Source data:

○ ○ ○ ○

lemma schouten_eq_sum:
  "schouten Q hh tt r s g d =
   (\<Sum>a\<in>Q. emul hh tt (Dw hh tt (Star a) g) (Dw hh tt (Orig a) d)
      - smul (sgnc ((r - 1) * (s - 1))) (emul hh tt (Dw hh tt (Star a) d) (Dw hh tt (Orig a) g)))"
  by (rule ext) (simp add: schouten_def sum_apply)

lemma fin_supp_schouten [simp]:
  "fin_supp g \<Longrightarrow> fin_supp d \<Longrightarrow> fin_supp (schouten Q hh tt r s g d)"
  by (simp add: schouten_eq_sum)

lemma schouten_antisym:
  "schouten Q hh tt r s A B = - smul (sgnc ((r - 1) * (s - 1))) (schouten Q hh tt s r B A)"
proof
  fix q
  let ?e = "sgnc ((r - 1) * (s - 1))"
  let ?x = "\<Sum>a\<in>Q. emul hh tt (Dw hh tt (Star a) A) (Dw hh tt (Orig a) B) q"
  let ?y = "\<Sum>a\<in>Q. emul hh tt (Dw hh tt (Star a) B) (Dw hh tt (Orig a) A) q"
  have e: "sgnc ((s - 1) * (r - 1)) = ?e"
    by (simp add: mult.commute)
  have "schouten Q hh tt r s A B q = ?x - ?e * ?y" "schouten Q hh tt s r B A q = ?y - ?e * ?x"
    by (simp_all add: schouten_def e sum_subtractf sum_distrib_left)
  thus "schouten Q hh tt r s A B q = (- smul ?e (schouten Q hh tt s r B A)) q"
    by (simp add: right_diff_distrib)
qed

section \<open>Derivations of cyclic words\<close>

definition closed_word :: "('a \<Rightarrow> 'v) \<Rightarrow> ('a \<Rightarrow> 'v) \<Rightarrow> 'a darrow list \<Rightarrow> bool" where
  "closed_word hh tt zs \<longleftrightarrow> zs \<noteq> [] \<and> dt hh tt (last zs) = dh hh tt (hd zs)"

○ ○ ○ ○

How to complete this task: Reproduce exactly, please, only the lines from the start of the data above to the line that contains "by (simp add: schouten_eq_sum)", with both ends kept.

Exercise result:
lemma schouten_eq_sum:
  "schouten Q hh tt r s g d =
   (\<Sum>a\<in>Q. emul hh tt (Dw hh tt (Star a) g) (Dw hh tt (Orig a) d)
      - smul (sgnc ((r - 1) * (s - 1))) (emul hh tt (Dw hh tt (Star a) d) (Dw hh tt (Orig a) g)))"
  by (rule ext) (simp add: schouten_def sum_apply)

lemma fin_supp_schouten [simp]:
  "fin_supp g \<Longrightarrow> fin_supp d \<Longrightarrow> fin_supp (schouten Q hh tt r s g d)"
  by (simp add: schouten_eq_sum)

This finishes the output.